My mother pulls a pack of cigarettes from her pocket, picking one out of the pack and holding it between her slender fingers. “I need a light.”

The nurse lights the cigarette, and my mother nods towards her with approval.

Seeing my mother smoke is a rare comfort for me. Even though we all knew how unhealthy it was, I loved the smell of smoke on her clothes. It smelled earthy and real in a world where everything was a show.

“What happened when he gained power?” I ask, bracing myself for some uncomfortable truths about my father.

She takes a long drag, savoring it as she holds it in her lungs before blowing the smoke into the crisp autumn air.

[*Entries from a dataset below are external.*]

text \<open>Both extensions decompose over the blocks: a distribution with marginals x induces on
  each block a distribution with the same marginals, and the product of pairwise independent
  distributions on disjoint blocks is pairwise independent. So it suffices to find on each block a
  pairwise independent distribution \<mu> with marginals x such that 4 E_\<mu>[f] \<ge> 3 E_\<theta>[f] for every
  \<theta> with marginals x. On at most two points the independent distribution does it. On three
  points \<mu> is the independent distribution with the mass of the whole block changed to some t:
  t = x_a x_b x_c if the third-order difference D of f is nonpositive, otherwise the largest value
  keeping \<mu> nonnegative. Then 4 E_\<mu>[f] - 3 E_\<theta>[f] is a nonnegative combination of increments and
  submodularity gaps of f, with coefficients that are nonnegative by the Frechet bounds on the
  pair and triple probabilities of \<theta>.\<close>

text \<open>Here q plays the role of the probability of the intersection of two events of probabilities
  a and c, so the hypotheses on q are the Frechet lower bound.\<close>

lemma pair_gap_nonneg:
  fixes a c q :: real
  assumes "0 \<le> a" "0 \<le> c" "c \<le> 1" "0 \<le> q" "a + c - 1 \<le> q"
  shows "0 \<le> a + c - 4*a*c + 3*q"
proof (cases "a + c \<le> 1")
  case True
  have "4*a*c \<le> (a + c)^2" using sum_squares_ge_zero[of "a - c" 0]
    by (simp add: power2_eq_square algebra_simps)
  also have "\<dots> \<le> a + c" using True assms by (simp add: power2_eq_square mult_right_le_one_le)
  finally show ?thesis using assms by linarith
next
  case False
  show ?thesis
  proof (cases "1 \<le> a")
    case True
    then have "0 \<le> (a - 1)*(1 - c)" using assms by simp
    then show ?thesis using assms False by (simp add: algebra_simps)
  next
    case a_lt_1: False
    have "4*(1 - a)*(1 - c) \<le> ((1 - a) + (1 - c))^2"
      using sum_squares_ge_zero[of "a - c" 0] by (simp add: power2_eq_square algebra_simps)
    also have "\<dots> \<le> 1" using a_lt_1 False assms by (simp add: power2_eq_square mult_le_one)
    finally show ?thesis using assms False by (simp add: algebra_simps)
  qed
qed
(* With $\alpha=(1+\sqrt5)/2$, $\beta=(1-\sqrt5)/2$: $$\sum_{k=1}^\infty\frac{L_k}{2^{k+2}(2k-1)k^2(2k+1)}=1-\frac{\pi^2}{48}+\frac14\ln^22-\frac12\ln^2\alpha-\frac{1}{2\alpha^2\sqrt{2\alpha}}\operatorname{arctanh}\Big(\sqrt{\tfrac\alpha2}\Big)-\frac{\alpha^2\sqrt\alpha}{2\sqrt2}\arctan\Big(\sqrt{\tfrac1{2\alpha}}\Big),$$ $$\sum_{k=1}^\infty\frac{L_{3k}}{5^k(2k-1)(2k)^2(2k+1)}=1-\frac{\pi^2}{48}+\frac12\ln^22-\frac32\ln^2\alpha-\frac12\ln2\ln5+\frac14\ln^25+\frac14\operatorname{Li}_2\Big(-\frac14\Big)$$ $$\qquad-\frac{1}{\alpha^3\sqrt{5\alpha}}\operatorname{arctanh}\Big(\frac{\alpha\sqrt\alpha}{\sqrt5}\Big)-\frac{\alpha^3\sqrt\alpha}{\sqrt5}\arctan\Big(\frac{1}{\alpha\sqrt{5\alpha}}\Big);$$ for every even integer $r\ge0$, $$\sum_{k=1}^\infty\frac{L_{rk}}{L_r^k(2k-1)(2k)^2(2k+1)}=1-\frac{\pi^2}{24}-\frac14r^2\ln^2\alpha+\frac14\ln^2(L_r)-\frac12\sqrt{\frac{1}{\alpha^{3r}L_r}}\operatorname{arctanh}\Big(\sqrt{\frac{\alpha^r}{L_r}}\Big)-\frac12\sqrt{\frac{\alpha^{3r}}{L_r}}\operatorname{arctanh}\Big(\sqrt{\frac{1}{\alpha^rL_r}}\Big);$$ $$\sum_{k=1}^\infty\frac{L_{2k}}{5^k(4k-1)(4k)^2(4k+1)}+\sum_{k=1}^\infty\frac{F_{2k-1}}{5^{k-1}(4k-3)(4k-2)^2(4k-1)}=1-\frac{\pi^2}{24}+\frac1{16}\ln^25-\frac14\ln^2\alpha$$ $$\qquad-\frac{1}{2\sqrt{\sqrt5}}\left(\frac{1}{\alpha\sqrt\alpha}\operatorname{arctanh}\Big(\sqrt{\frac{\alpha}{\sqrt5}}\Big)+\alpha\sqrt\alpha\,\operatorname{arctanh}\Big(\sqrt{\frac{1}{\sqrt5\,\alpha}}\Big)\right);$$ and $$\sum_{k=1}^\infty\frac{L_{2k}}{4^{k+1}(2k-1)k^2(2k+1)}=1-\frac{\pi^2}{24}-\frac12\ln^2\alpha-\frac{9\sqrt5}{8}\ln\alpha+\frac5{16}\ln5+\frac18\ln^25-\frac12\ln2\ln5+\ln^22+\frac14\operatorname{Li}_2\Big(\frac15\Big).$$
   Context: $F_n=(\alpha^n-\beta^n)/(\alpha-\beta)$ and $L_n=\alpha^n+\beta^n$ are the Fibonacci and Lucas numbers. $\operatorname{arctanh}(x)=\frac12\ln\frac{1+x}{1-x}$ for $|x|<1$; $\operatorname{Li}_2(x)=\sum_{k\ge1}x^k/k^2$ is the dilogarithm. *)

theory Defs
  imports "HOL-Analysis.Analysis"
begin
(* Let $\mathcal{X}$ be finite with $|\mathcal{X}|\ge2$, $P$ a pmf on $\mathcal{X}$ with $P(x)>0$ for all $x$, and $L_{\rm th}>0$ satisfy $$H(P)+\log_2\big(1+1/\sqrt2\big)<L_{\rm th}.$$ Define $$\Delta^*(P)=\inf_{\ell\in\Lambda,\ \mathbb{E}[L]<L_{\rm th}}\ \sup_{z\ge0}\ \sup_{Q}\Big(\sum_{x}\tilde g_{z,Q,P}(x)\ell(x)-\frac{z^2}{2}L_{\rm th}\Big),$$ $Q$ ranging over pmfs on $\mathcal{X}$ and $L=\ell(X)$, $X\sim P$. Then $\Delta^*(P)=\inf_{\ell\in\Lambda,\ \mathbb{E}[L]<L_{\rm th}}\Big(\mathbb{E}[L]+\frac{\mathbb{E}[L^2]}{2(L_{\rm th}-\mathbb{E}[L])}\Big)$, and $$\Delta^*(P)=\max_{z\ge0}\max_{Q}\ \min_{\ell\in\Lambda,\ \mathbb{E}[L]<L_{\rm th}}\Big(\sum_x\tilde g_{z,Q,P}(x)\ell(x)-\frac{z^2}{2}L_{\rm th}\Big)=\max_{z\ge0}\max_{Q}\Big(\sum_{x}\tilde g_{z,Q,P}(x)\log_2\frac{\sum_{x'}\tilde g_{z,Q,P}(x')}{\tilde g_{z,Q,P}(x)}-\frac{z^2}{2}L_{\rm th}\Big).$$ Moreover, if $(z^*,Q^* )$ maximizes the last expression, then $\Delta^*(P)$ is attained uniquely by the lengths $\ell^*(x)=-\log_2P^*(x)$, where $P^*(x)=\tilde g_{z^*,Q^*,P}(x)/\sum_{x'}\tilde g_{z^*,Q^*,P}(x')$.
   Context: $\Lambda=\{\ell\in\mathbb{R}_+^{\mathcal{X}}:\sum_{x}2^{-\ell(x)}\le1\}$. $\tilde g_{z,Q,P}(x)=\big(1+\frac{z^2}{2}\big)P(x)+z\sqrt{Q(x)P(x)}$. $H(P)=-\sum_xP(x)\log_2P(x)$. Motivation: $\mathbb{E}[L]+\frac{\mathbb{E}[L^2]}{2(L_{\rm th}-\mathbb{E}[L])}$ is the average waiting time in an M/G/1 FCFS queue with arrival rate $1/L_{\rm th}$ and service times distributed as the codeword length $L$. *)

theory Defs
  imports Complex_Main
begin

definition Lam :: "('a::finite \<Rightarrow> real) set" where
  "Lam = {l. (\<forall>x. 0 \<le> l x) \<and> (\<Sum>x\<in>UNIV. 2 powr (- l x)) \<le> 1}"

definition pmfs :: "('a::finite \<Rightarrow> real) set" where
  "pmfs = {Q. (\<forall>x. 0 \<le> Q x) \<and> (\<Sum>x\<in>UNIV. Q x) = 1}"

definition entropy :: "('a::finite \<Rightarrow> real) \<Rightarrow> real" where
  "entropy P = - (\<Sum>x\<in>UNIV. P x * log 2 (P x))"

definition gt :: "real \<Rightarrow> ('a::finite \<Rightarrow> real) \<Rightarrow> ('a \<Rightarrow> real) \<Rightarrow> 'a \<Rightarrow> real" where
  "gt z Q P x = (1 + z^2 / 2) * P x + z * sqrt (Q x * P x)"

definition expect :: "('a::finite \<Rightarrow> real) \<Rightarrow> ('a \<Rightarrow> real) \<Rightarrow> real" where
  "expect P f = (\<Sum>x\<in>UNIV. P x * f x)"

definition feasible :: "('a::finite \<Rightarrow> real) \<Rightarrow> real \<Rightarrow> ('a \<Rightarrow> real) set" where
  "feasible P Lth = {l \<in> Lam. expect P l < Lth}"

definition obj :: "('a::finite \<Rightarrow> real) \<Rightarrow> real \<Rightarrow> real \<Rightarrow> ('a \<Rightarrow> real) \<Rightarrow> ('a \<Rightarrow> real) \<Rightarrow> real" where
  "obj P Lth z Q l = (\<Sum>x\<in>UNIV. gt z Q P x * l x) - z^2 / 2 * Lth"

definition Phi :: "('a::finite \<Rightarrow> real) \<Rightarrow> real \<Rightarrow> ('a \<Rightarrow> real) \<Rightarrow> real" where
  "Phi P Lth l = (SUP z\<in>{0..}. SUP Q\<in>pmfs. obj P Lth z Q l)"

definition Delta_star :: "('a::finite \<Rightarrow> real) \<Rightarrow> real \<Rightarrow> real" where
  "Delta_star P Lth = (INF l\<in>feasible P Lth. Phi P Lth l)"

definition gibbs_val :: "('a::finite \<Rightarrow> real) \<Rightarrow> real \<Rightarrow> real \<Rightarrow> ('a \<Rightarrow> real) \<Rightarrow> real" where
  "gibbs_val P Lth z Q =
     (\<Sum>x\<in>UNIV. gt z Q P x * log 2 ((\<Sum>x'\<in>UNIV. gt z Q P x') / gt z Q P x)) - z^2 / 2 * Lth"

definition is_max_val :: "real set \<Rightarrow> real \<Rightarrow> bool" where
  "is_max_val S v \<longleftrightarrow> v \<in> S \<and> (\<forall>y\<in>S. y \<le> v)"

end

theory Submission
  imports Defs "HOL-Analysis.Analysis"
begin

text \<open>
  For fixed lengths l with E[L] < Lth, the objective is maximised over z \<ge> 0 and Q by the equality
  case of an AM-GM estimate, and the maximum is the M/G/1 delay E[L] + E[L^2] / (2 (Lth - E[L])).
  So \<Delta>* is the infimum of this delay; it is attained because the delay blows up as E[L]
  approaches Lth, and the Shannon lengths of P are feasible by the entropy assumption. The first-order
  condition at a minimiser ls says that ls minimises the linear functional obj at the maximising pair
  (z*, Q*) over the convex set of Kraft lengths, so ls and (z*, Q*) form a saddle point.
  For fixed (z, Q), Gibbs' inequality shows that the minimum of obj over Kraft lengths is the Gibbs
  value, attained only at the Shannon lengths of the weights gt z Q P. The saddle point then yields the
  max-min identities, and the uniqueness of the equality case in Gibbs' inequality yields the
  uniqueness of the optimal lengths.
\<close>

section \<open>Gibbs' inequality for Kraft lengths\<close>

definition shannon_len :: "('a::finite \<Rightarrow> real) \<Rightarrow> 'a \<Rightarrow> real" where
  "shannon_len g x = - log 2 (g x / (\<Sum>y\<in>UNIV. g y))"

lemma shannon_len_eq: "shannon_len g = (\<lambda>x. - log 2 (g x / (\<Sum>y\<in>UNIV. g y)))"
  by (simp add: fun_eq_iff shannon_len_def)

lemma shannon_len_in_Lam:
  fixes g :: "'a::finite \<Rightarrow> real"
  assumes g: "\<And>x. g x > 0"
  shows "shannon_len g \<in> Lam"
proof -
  define S where "S = (\<Sum>y\<in>UNIV. g y)"
  have S: "S > 0" unfolding S_def using g by (simp add: sum_pos)
  have "g x \<le> S" for x unfolding S_def using g by (intro member_le_sum) (auto intro: less_imp_le)
  then have "0 \<le> shannon_len g x" for x
    using g[of x] S by (simp add: shannon_len_def S_def[symmetric] log_le_zero_cancel_iff)
  moreover have "(\<Sum>x\<in>UNIV. 2 powr (- shannon_len g x)) = (\<Sum>x\<in>UNIV. g x / S)"
    using g S by (intro sum.cong) (auto simp: shannon_len_def S_def[symmetric])
  moreover have "(\<Sum>x\<in>UNIV. g x / S) = 1"
    using S by (simp add: sum_divide_distrib[symmetric] S_def)
  ultimately show ?thesis by (simp add: Lam_def)
qed

lemma sum_mult_shannon_len:
  fixes g :: "'a::finite \<Rightarrow> real"
  assumes g: "\<And>x. g x > 0"
  shows "(\<Sum>x\<in>UNIV. g x * shannon_len g x) = (\<Sum>x\<in>UNIV. g x * log 2 ((\<Sum>y\<in>UNIV. g y) / g x))"
proof -
  have "(\<Sum>y\<in>UNIV. g y) > 0" using g by (simp add: sum_pos)
  then show ?thesis using g by (intro sum.cong) (auto simp: shannon_len_def log_divide algebra_simps)
qed

lemma expect_shannon_len_eq_entropy:
  assumes "P \<in> pmfs"
  shows "expect P (shannon_len P) = entropy P"
  using assms by (simp add: pmfs_def expect_def entropy_def shannon_len_def sum_negf)

lemma gibbs_gap:
  fixes g l :: "'a::finite \<Rightarrow> real"
  assumes g: "\<And>x. g x > 0"
  defines "S \<equiv> \<Sum>y\<in>UNIV. g y"
  defines "\<rho> \<equiv> \<lambda>x. S * 2 powr (- l x) / g x"
  shows "ln 2 * ((\<Sum>x\<in>UNIV. g x * l x) - (\<Sum>x\<in>UNIV. g x * shannon_len g x))
    = (\<Sum>x\<in>UNIV. g x * (\<rho> x - 1 - ln (\<rho> x))) + S * (1 - (\<Sum>x\<in>UNIV. 2 powr (- l x)))"
proof -
  have S: "S > 0" unfolding S_def using g by (simp add: sum_pos)
  have pointwise: "g x * (\<rho> x - 1 - ln (\<rho> x))
      = S * 2 powr (- l x) - g x + ln 2 * (g x * l x - g x * shannon_len g x)" for x
    using g[of x] S by (simp add: \<rho>_def shannon_len_def S_def[symmetric] ln_mult ln_div log_def powr_def field_simps)
  have "(\<Sum>x\<in>UNIV. g x * (\<rho> x - 1 - ln (\<rho> x)))
      = (\<Sum>x\<in>UNIV. S * 2 powr (- l x) - g x + ln 2 * (g x * l x - g x * shannon_len g x))"
    by (rule sum.cong[OF refl pointwise])
  also have "\<dots> = S * (\<Sum>x\<in>UNIV. 2 powr (- l x)) - S
      + ln 2 * ((\<Sum>x\<in>UNIV. g x * l x) - (\<Sum>x\<in>UNIV. g x * shannon_len g x))"
    by (simp add: sum.distrib sum_subtractf sum_distrib_left right_diff_distrib S_def)
  finally show ?thesis by (simp add: algebra_simps)
qed

lemma gibbs_inequality:
  fixes g l :: "'a::finite \<Rightarrow> real"
  assumes g: "\<And>x. g x > 0" and l: "l \<in> Lam"
  shows "(\<Sum>x\<in>UNIV. g x * shannon_len g x) \<le> (\<Sum>x\<in>UNIV. g x * l x)"
    and "(\<Sum>x\<in>UNIV. g x * shannon_len g x) = (\<Sum>x\<in>UNIV. g x * l x) \<Longrightarrow> l = shannon_len g"
proof -
  define S where "S = (\<Sum>y\<in>UNIV. g y)"
  define \<rho> where "\<rho> x = S * 2 powr (- l x) / g x" for x
  have S: "S > 0" unfolding S_def using g by (simp add: sum_pos)
  have \<rho>: "\<rho> x > 0" for x using S g[of x] by (simp add: \<rho>_def)
  have terms: "0 \<le> g x * (\<rho> x - 1 - ln (\<rho> x))" for x
    using ln_le_minus_one[OF \<rho>] g[of x] by (simp add: less_imp_le)
  have slack: "0 \<le> S * (1 - (\<Sum>x\<in>UNIV. 2 powr (- l x)))"
    using l S by (simp add: Lam_def)
  have gap: "ln 2 * ((\<Sum>x\<in>UNIV. g x * l x) - (\<Sum>x\<in>UNIV. g x * shannon_len g x))
    = (\<Sum>x\<in>UNIV. g x * (\<rho> x - 1 - ln (\<rho> x))) + S * (1 - (\<Sum>x\<in>UNIV. 2 powr (- l x)))"
    using gibbs_gap[of g l, OF g] by (simp add: \<rho>_def S_def)
  have sum_terms: "0 \<le> (\<Sum>x\<in>UNIV. g x * (\<rho> x - 1 - ln (\<rho> x)))"
    by (rule sum_nonneg) (rule terms)
  have "0 \<le> ln 2 * ((\<Sum>x\<in>UNIV. g x * l x) - (\<Sum>x\<in>UNIV. g x * shannon_len g x))"
    using gap sum_terms slack by linarith
  then show "(\<Sum>x\<in>UNIV. g x * shannon_len g x) \<le> (\<Sum>x\<in>UNIV. g x * l x)"
    by (simp add: zero_le_mult_iff)
  assume "(\<Sum>x\<in>UNIV. g x * shannon_len g x) = (\<Sum>x\<in>UNIV. g x * l x)"
  then have "ln 2 * ((\<Sum>x\<in>UNIV. g x * l x) - (\<Sum>x\<in>UNIV. g x * shannon_len g x)) = 0"
    by simp
  then have "(\<Sum>x\<in>UNIV. g x * (\<rho> x - 1 - ln (\<rho> x))) = 0"
    using gap sum_terms slack by linarith
  then have zero_terms: "g x * (\<rho> x - 1 - ln (\<rho> x)) = 0" for x
    using sum_nonneg_eq_0_iff[of UNIV "\<lambda>x. g x * (\<rho> x - 1 - ln (\<rho> x))"] terms by simp
  have "ln (\<rho> x) = \<rho> x - 1" for x
    using zero_terms[of x] g[of x] by simp
  then have "\<rho> x = 1" for x using \<rho> ln_eq_minus_one by blast
  then have tight: "2 powr (- l x) = g x / S" for x using S g[of x] by (simp add: \<rho>_def field_simps)
  then show "l = shannon_len g"
    by (intro ext) (simp add: shannon_len_def S_def[symmetric] flip: tight)
qed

“Things got so much worse. He was wealthier, sure, but the pressure of the new responsibility weighed on him more than he’d expected. He wasn’t always a great leader, and the men he commanded were well aware of it. When they made him feel small, he would beat me to regain some of his power.”

I had known that my father wasn’t a good man when I was young, but I had been spared the details until now. I’m not sure how I’ll ever be able to look him in the eyes without looking for the rage behind them.